*Assigned task*
The lines below that include the word "assumes" are to be reported.

[Dataset entries]

(* Assume $E\in\mathbb{S}^n_{++}$, $0<\alpha<1$ and $0\ne X\in\partial K_E(\alpha)$. Let $S:=\frac{1}{n-\alpha^2}\big(E^{-1}-\frac{\alpha^2}{\mathrm{tr}(E^{-1}X)}E^{-1}XE^{-1}\big)$ and $q(t):=\mathrm{tr}\big(((E+tX)S)^2\big)$. For every $0<\beta<1$ and $t>-1$, \[ \big(E(t)\in\mathbb{S}^n_{++}\big)\wedge\big(S\in\mathrm{int}(K_{E(t)}(\beta)^* )\big)\iff q(t)<\frac{1}{n-\beta^2}, \] where $E(t)=\frac{1}{1+t}(E+tX)$. Furthermore, $q$ is strictly convex, $q(0)=1/(n-\alpha^2)$ and $q'(0)<0$.
   Context: $\mathbb{S}^n$ is the space of real symmetric $n\times n$ matrices with trace inner product, $\mathbb{S}^n_{++}$ the positive definite matrices. For $E\in\mathbb{S}^n_{++}$: $\|X\|_E=\mathrm{tr}((E^{-1}X)^2)^{1/2}$, and for $\gamma>0$, $K_E(\gamma)=\{X\in\mathbb{S}^n:\mathrm{tr}(E^{-1}X)\ge\gamma\|X\|_E\}$; $K_E(\gamma)^*=\{S:\mathrm{tr}(XS)\ge0\ \forall X\in K_E(\gamma)\}$ is its dual cone with respect to the trace inner product; $\partial$ and $\mathrm{int}$ denote boundary and interior. *)

theory Defs
  imports "HOL-Analysis.Analysis"
begin

definition sym_mats :: "(real^'n^'n) set" where
  "sym_mats = {A. transpose A = A}"

text \<open>Topology of the space of symmetric matrices (the Euclidean norm on real^'n^'n is
  the Frobenius norm, i.e. the norm of the trace inner product).\<close>
definition sym_top :: "(real^'n^'n) topology" where
  "sym_top = subtopology euclidean sym_mats"

definition pos_def :: "(real^'n^'n) set" where
  "pos_def = {A. transpose A = A \<and> (\<forall>x::real^'n. x \<noteq> 0 \<longrightarrow> x \<bullet> (A *v x) > 0)}"

definition normE :: "real^'n^'n \<Rightarrow> real^'n^'n \<Rightarrow> real" where
  "normE E X = sqrt (trace ((matrix_inv E ** X) ** (matrix_inv E ** X)))"

definition coneK :: "real^'n^'n \<Rightarrow> real \<Rightarrow> (real^'n^'n) set" where
  "coneK E \<gamma> = {X \<in> sym_mats. trace (matrix_inv E ** X) \<ge> \<gamma> * normE E X}"

definition dual_cone :: "(real^'n^'n) set \<Rightarrow> (real^'n^'n) set" where
  "dual_cone K = {S \<in> sym_mats. \<forall>X\<in>K. trace (X ** S) \<ge> 0}"

definition strict_convex_on :: "real set \<Rightarrow> (real \<Rightarrow> real) \<Rightarrow> bool" where
  "strict_convex_on A f \<longleftrightarrow> convex A \<and>
    (\<forall>x\<in>A. \<forall>y\<in>A. \<forall>u. x \<noteq> y \<longrightarrow> 0 < u \<longrightarrow> u < 1 \<longrightarrow>
       f ((1 - u) * x + u * y) < (1 - u) * f x + u * f y)"

end

(*
  Choose W with W^T E W = I, so that E^-1 = W W^T.  The congruence X |-> W^T X W maps K_E(g)
  onto the circular cone {Y symmetric. g |Y| <= tr Y} around the identity, and |I|^2 = n.
  The dual of that cone is the circular cone of parameter sqrt(n - g^2): the two half-aperture
  angles are complementary.  Hence, for E' positive definite, a symmetric S is interior to
  K_E'(b)^* iff
  sqrt(n - b^2) * tr((E'S)^2)^(1/2) < tr(E'S).

  S is chosen so that tr(ES) = 1 and tr(XS) = 0; thus tr(E(t)S) = 1/(1+t), and the condition
  becomes q(t) < 1/(n - b^2).  This inequality also forces E(t) to be positive definite: with
  S = R R^T, the matrix M = R^T (E + tX) R has trace 1 and (n - 1)|M|^2 < 1, and such an M is
  positive definite.  Finally q is a quadratic with leading coefficient |R^T X R|^2 > 0, value
  1/(n - a^2) at 0 and slope 2 tr(XSES) at 0, which is negative because tr(Y^3) <= |Y|^3 and
  tr(E^-1 X) = a |X|_E on the boundary.
*)

theory Submission
  imports Defs
begin

lemma matrix_add_rdistrib: "((A::real^'n^'m) + B) ** C = A ** C + B ** C"
  by (simp add: matrix_matrix_mult_def vec_eq_iff sum.distrib distrib_right)

lemma matrix_diff_ldistrib: "(A::real^'n^'m) ** (B - C) = A ** B - A ** C"
  by (simp add: matrix_matrix_mult_def vec_eq_iff sum_subtractf right_diff_distrib)

lemma matrix_diff_rdistrib: "((A::real^'n^'m) - B) ** C = A ** C - B ** C"
  by (simp add: matrix_matrix_mult_def vec_eq_iff sum_subtractf left_diff_distrib)

lemmas matrix_scaleR_left = scalar_matrix_assoc[symmetric]

lemma matrix_scaleR_right: "(A::real^'n^'m) ** (k *\<^sub>R B) = k *\<^sub>R (A ** B)"
  by (simp add: matrix_matrix_mult_def vec_eq_iff sum_distrib_left mult_ac)

lemmas matrix_mult_distribs =
  matrix_add_ldistrib matrix_add_rdistrib matrix_diff_ldistrib matrix_diff_rdistrib
  matrix_scaleR_left matrix_scaleR_right

lemma transpose_add: "transpose ((A::'a::plus^'n^'m) + B) = transpose A + transpose B"
  by (simp add: transpose_def vec_eq_iff)

lemma transpose_diff: "transpose ((A::'a::minus^'n^'m) - B) = transpose A - transpose B"
  by (simp add: transpose_def vec_eq_iff)

lemma trace_scaleR: "trace (c *\<^sub>R (A::real^'n^'n)) = c * trace A"
  by (simp add: trace_def sum_distrib_left)

lemma matrix_inv_unique:
  fixes A B :: "real^'n^'n"
  assumes AB: "A ** B = mat 1"
  shows "matrix_inv A = B"
proof -
  have BA: "B ** A = mat 1" using AB matrix_left_right_inverse by blast
  have inv: "matrix_inv A ** A = mat 1"
    unfolding matrix_inv_def by (rule someI2[of _ B]) (use AB BA in simp_all)
  have "matrix_inv A = matrix_inv A ** (A ** B)" using AB by simp
  also have "\<dots> = B" by (simp add: matrix_mul_assoc inv)
  finally show ?thesis .
qed

lemma invertible_matrix_inv:
  fixes A :: "real^'n^'n"
  assumes "invertible A"
  shows "A ** matrix_inv A = mat 1" and "matrix_inv A ** A = mat 1"
proof -
  obtain B where "A ** B = mat 1" using assms invertible_right_inverse by blast
  then show "A ** matrix_inv A = mat 1" "matrix_inv A ** A = mat 1"
    using matrix_inv_unique matrix_left_right_inverse by auto
qed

*Problem solution*
  assumes AB: "A ** B = mat 1"
  assumes "invertible A"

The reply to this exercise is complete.